Так беседовал Лузи со старшим зятем Мойше Машбера, с Янкеле Гродштейном. То же говорил он и младшему зятю, Нохуму Ленчеру, которому доказывал, что мысль о том, чтобы выделиться из дела, с которой одно время носился Нохум Ленчер – а может быть, носится и сейчас, – лишена всякого смысла: если раньше Нохум Ленчер мог рассчитывать на то, что выйдет из дела с некоторой суммой денег на руках, то теперь, когда ничего не осталось, кроме непокрытых долгов, он уйдет ни с чем. С какой же точки зрения это ему выгодно? Что это ему даст? Вместо того чтобы уйти с пустыми руками, не лучше ли использовать свои знания и опыт на пользу человеку, к которому Нохум придет не компаньоном – ведь ему нечего внести в долю, – а в качестве служащего и знатока дела? Не лучше ли остаться в конторе, которая была основана давно и в которую, несомненно, вернутся прежние клиенты, когда увидят, что дело снова находится в надежных руках? А уж тогда пусть Нохум поступает так, как знает, – уходит или остается – как ему покажется выгоднее.
Лузи сказал, что Нохум должен иметь в виду и то, что уйти из дела значит – уйти из дома, с которым его сейчас ничего не связывает. Однако, насколько понимает Лузи, Нохуму это сейчас и вовсе не выгодно, ведь он живет без жены, с малыми детьми на руках, о которых необходимо заботиться. А Юдис относится к детям Нохума, как к своим собственным, как родная мать, и он свободен от хлопот.

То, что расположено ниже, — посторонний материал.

lemma mallows_P_eq_E: "mallows_P n q A = mallows_E n q (\<lambda>\<pi>. if A \<pi> then 1 else 0)"
proof -
  have "finite (perms n)" unfolding perms_def by (rule finite_permutations) simp
  then show ?thesis unfolding mallows_P_def mallows_E_def by (simp add: sum.inter_filter if_distrib cong: if_cong)
qed

theorem proposition1p8:
  fixes n :: nat and q :: real
  assumes "n \<ge> 1" and "q > 0"
  shows "mallows_Var n q (\<lambda>\<pi>. real (LIS n \<pi>)) \<le> real n - 1 \<and>
    (\<forall>t::real. t > 0 \<longrightarrow>
      mallows_P n q (\<lambda>\<pi>. \<bar>real (LIS n \<pi>) - mallows_E n q (\<lambda>\<sigma>. real (LIS n \<sigma>))\<bar>
                          > t * sqrt (real n - 1))
      < 2 * exp (- (t\<^sup>2) / 2))"
proof -
  obtain m where n: "n = Suc m" using assms(1) by (cases n) auto
  have factors: "\<forall>A\<in>set (lehmer_digits m). pos_weights A (\<lambda>c. q ^ c)"
    using \<open>q > 0\<close> by (induction m) (auto intro: pos_weights.intro)
  note bd = bounded_differences_LIS_lehmer_perm[of m]
  show ?thesis
    using prod_avg_variance_le[OF factors bd] prod_avg_tail_lt[OF factors bd]
    by (simp add: n mallows_Var_def mallows_P_eq_E mallows_E_eq_prod_avg)
qed

end
(* Let $M=I=[0,1]$ or $M=\mathbb{S}^1$, and let $\mathrm{Diff}_+^{1+BV}(M)$ (orientation-preserving $C^1$ diffeomorphisms of $M$ whose derivative has bounded variation) be endowed with the metric $$d(f,g)=\sup_{x\in M} d_M(f(x),g(x))+\|\log f'-\log g'\|_{BV}.$$ Let $\mathrm{Diff}_+^{1+AC}(M)$ be the subgroup of those $f$ whose derivative $f'$ is absolutely continuous. Then for every $g\in \mathrm{Diff}_+^{1+BV}(M)\setminus \mathrm{Diff}_+^{1+AC}(M)$, the left multiplication map $f\mapsto g\circ f$, $\mathrm{Diff}_+^{1+BV}(M)\to\mathrm{Diff}_+^{1+BV}(M)$, is not continuous with respect to $d$.
   Context: $\mathbb{S}^1$ is $I$ with $0\sim 1$, with metric $d_{\mathbb{S}^1}([x],[y])=|e^{2\pi ix}-e^{2\pi iy}|$; $d_I$ is the usual metric. Derivatives of circle diffeomorphisms are defined via the lift $\tilde f$ ($\tilde f(0)\in[0,1)$, $\tilde f(x+1)=\tilde f(x)+1$) by $f'(x)=\tilde f'(x)$ for $x\in I$. For $F\in C(I)$ of bounded variation, $V(F)=\sup\sum_{i=1}^m|F(x_i)-F(x_{i-1})|$ over partitions $0=x_0<\dots<x_m=1$, and $\|F\|_{BV}=|F(0)|+V(F)$. *)

theory Defs
  imports "HOL-Analysis.Analysis"
begin

datatype space = Intv | Circ

definition partition01 :: "nat \<Rightarrow> (nat \<Rightarrow> real) \<Rightarrow> bool" where
  "partition01 m xs \<longleftrightarrow> xs 0 = 0 \<and> xs m = 1 \<and> (\<forall>i<m. xs i < xs (Suc i))"

definition var_sums :: "(real \<Rightarrow> real) \<Rightarrow> real set" where
  "var_sums F = {(\<Sum>i<m. \<bar>F (xs (Suc i)) - F (xs i)\<bar>) | m xs. partition01 m xs}"

definition bv01 :: "(real \<Rightarrow> real) \<Rightarrow> bool" where
  "bv01 F \<longleftrightarrow> bdd_above (var_sums F)"

text \<open>Total variation V(F) on I (meaningful when bv01 F).\<close>
definition V01 :: "(real \<Rightarrow> real) \<Rightarrow> real" where
  "V01 F = Sup (var_sums F)"

definition BVnorm :: "(real \<Rightarrow> real) \<Rightarrow> real" where
  "BVnorm F = \<bar>F 0\<bar> + V01 F"

definition abs_cont01 :: "(real \<Rightarrow> real) \<Rightarrow> bool" where
  "abs_cont01 F \<longleftrightarrow> (\<forall>\<epsilon>>0. \<exists>\<delta>>0. \<forall>(n::nat) (a::nat \<Rightarrow> real) b.
      (\<forall>i<n. 0 \<le> a i \<and> a i \<le> b i \<and> b i \<le> 1) \<and>
      (\<forall>i<n. \<forall>j<n. i \<noteq> j \<longrightarrow> b i \<le> a j \<or> b j \<le> a i) \<and>
      (\<Sum>i<n. b i - a i) < \<delta> \<longrightarrow> (\<Sum>i<n. \<bar>F (b i) - F (a i)\<bar>) < \<epsilon>)"

text \<open>Derivative f'(x) for x in I.  For M = I, f is the diffeomorphism itself
  (one-sided derivatives at the endpoints); for M = S^1, f is the normalized lift.\<close>
definition D :: "(real \<Rightarrow> real) \<Rightarrow> real \<Rightarrow> real" where
  "D f x = vector_derivative f (at x within {0..1})"
lemma cos_pos_iff:
  assumes "-(3 * pi / 2) < x" "x < 3 * pi / 2"
  shows "0 < cos x \<longleftrightarrow> \<bar>x\<bar> < pi / 2"
proof -
  have "0 < cos x \<longleftrightarrow> 0 < sin (x + pi / 2)" by (simp add: sin_add)
  also have "\<dots> \<longleftrightarrow> 0 < x + pi / 2 \<and> x + pi / 2 < pi" using assms by (intro sin_pos_iff) auto
  finally show ?thesis by linarith
qed


definition sector :: "real \<Rightarrow> real \<Rightarrow> complex set" where
  "sector A B = {s. 0 < Im (s * cis A) \<and> Im (s * cis (- B)) < 0}"

lemma sector_iff_Arg:
  assumes "0 < A" "0 < B" "A + B \<le> pi"
  shows "s \<in> sector A B \<longleftrightarrow> s \<noteq> 0 \<and> -A < Arg s \<and> Arg s < B"
proof (cases "s = 0")
  case False
  have Arg: "-pi < Arg s" "Arg s \<le> pi" by (rule mpi_less_Arg, rule Arg_le_pi)
  have "0 < Im (s * cis A) \<longleftrightarrow> 0 < sin (Arg s + A)"
    using False by (simp only: mult_cis_eq_rcis Im_rcis) (simp add: zero_less_mult_iff)
  also have "\<dots> \<longleftrightarrow> 0 < Arg s + A \<and> Arg s + A < pi" using Arg assms by (intro sin_pos_iff) auto
  finally have 1: "0 < Im (s * cis A) \<longleftrightarrow> 0 < Arg s + A \<and> Arg s + A < pi" .
  have "Im (s * cis (- B)) < 0 \<longleftrightarrow> 0 < sin (B - Arg s)"
    using False by (simp only: mult_cis_eq_rcis Im_rcis) (simp add: mult_less_0_iff sin_diff sin_add mult.commute)
  also have "\<dots> \<longleftrightarrow> 0 < B - Arg s \<and> B - Arg s < pi" using Arg assms by (intro sin_pos_iff) auto
  finally have 2: "Im (s * cis (- B)) < 0 \<longleftrightarrow> 0 < B - Arg s \<and> B - Arg s < pi" .
  show ?thesis unfolding sector_def mem_Collect_eq 1 2 using False assms by auto
qed (simp add: sector_def)

lemma convex_sector: "convex (sector A B)"
proof -
  have Im: "Im (s * w) = inner (Complex (Im w) (Re w)) s" for s w :: complex
    by (simp add: inner_complex_def algebra_simps)
  show ?thesis
    unfolding sector_def Im Collect_conj_eq
    by (intro convex_Int convex_halfspace_gt convex_halfspace_lt)
qed

lemma mediant_between:
  fixes a1 b1 a2 b2 s :: real
  assumes "0 < b1" "0 < b2" "0 \<le> s" "s \<le> 1"
  shows "min (a1 / b1) (a2 / b2) \<le> ((1 - s) * a1 + s * a2) / ((1 - s) * b1 + s * b2)
       \<and> ((1 - s) * a1 + s * a2) / ((1 - s) * b1 + s * b2) \<le> max (a1 / b1) (a2 / b2)"
proof -
  have d: "0 < (1 - s) * b1 + s * b2"
    using assms by (cases "s = 0") (auto intro: add_nonneg_pos add_pos_nonneg)
  define m where "m = min (a1 / b1) (a2 / b2)"
  define M where "M = max (a1 / b1) (a2 / b2)"
  have h: "m * b1 \<le> a1" "m * b2 \<le> a2" "a1 \<le> M * b1" "a2 \<le> M * b2"
    using assms by (auto simp: m_def M_def min_def max_def field_simps)
  have "(1 - s) * (m * b1) \<le> (1 - s) * a1" "s * (m * b2) \<le> s * a2"
    "(1 - s) * a1 \<le> (1 - s) * (M * b1)" "s * a2 \<le> s * (M * b2)"
    using h assms by (intro mult_left_mono; simp)+
  then have "m * ((1 - s) * b1 + s * b2) \<le> (1 - s) * a1 + s * a2"
    "(1 - s) * a1 + s * a2 \<le> M * ((1 - s) * b1 + s * b2)"
    by (simp_all add: algebra_simps)
  then show ?thesis
    using d by (simp add: m_def[symmetric] M_def[symmetric] pos_le_divide_eq pos_divide_le_eq)
qed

Время от времени Лузи заходил к Алтеру. Однажды, когда он ему сказал: «Знаешь, Алтер, я скоро уезжаю отсюда, и увидимся мы уже не так скоро…» – Алтер припал к его груди, как сделал тогда, когда во дворе стояли погребальные носилки, приготовленные для Мойше Машбера. Прижавшись к брату, Алтер в первые минуты молчал, но потом он поднял голову и, как человек, у которого сознание совершенно ясно, произнес осмысленно: «А я – куда, Лузи?» То есть куда ему деваться после того, как не стало Мойше, и после того, как Лузи здесь тоже не будет?
Лузи растерялся, не зная, что ответить. Ему нечем было утешить брата, уткнувшегося головой ему в грудь.
– Бог тебя не оставит!..
Ничего больше Лузи не мог сказать Алтеру, слезы душили его.
Собираясь покинуть город, Лузи прощался не только с семьей брата, но и с его домом, с двором. Лузи долго бродил по двору один, стараясь избегать всякой компании. В последний раз он заглянул в сад и вспомнил, как наслаждался там покоем, когда, бывало, приезжал к брату. Особенно запомнилось прошлое лето, когда однажды он гулял по саду с Мойше и вел с братом беседу. У Мойше даже уши раскраснелись от волнения, а он, Лузи, с наслаждением вдыхая предвечерний душистый воздух, с добродушной улыбкой наблюдал смущение брата, побежденного его, Лузи, доводами.
Теперь стояла весна, и на безлистых побегах кустов сирени, которые росли возле забора, уже проклюнулись голубоватые липкие глазки почек, предвещавших пышное цветение. На подрезанных опытной рукой ветвях фруктовых деревьев тоже едва намечалась нежная зелень, обещавшая близкий расцвет. Садовые дорожки были уже очищены от прошлогоднего листопада и тщательно подметены, и только в некоторых местах лежали кучками вялые листья, которые предстояло выбросить или сжечь. Сад стоял оголенный и прозрачный, и даже со двора можно было заглянуть в самые дальние его уголки.
В одном из таких углов трудился Василий – новый сторож в доме Мойше Машбера. Он окапывал кусты, подметал дорожки, а иногда стоял, ничего не делая, с восхищением следя за пролетевшей пташкой. В последний раз, когда Лузи пришел в сад, он увидел Василия, который работал вместе с Мееркой, старшим внуком Мойше Машбера. Лузи подошел ближе. Меерка, стоявший без дела, увидел его и, смущенный, отошел подальше, опустил глаза, словно его застали за недозволенным занятием. Лузи взял Меерку за руку и пошел с ним по дорожке, ничего не говоря, но и не выпуская руку мальчика, чувствуя к нему, как всегда, особую близость и видя в нем преемника и наследника всех лучших качеств, свойственных семье Машбер.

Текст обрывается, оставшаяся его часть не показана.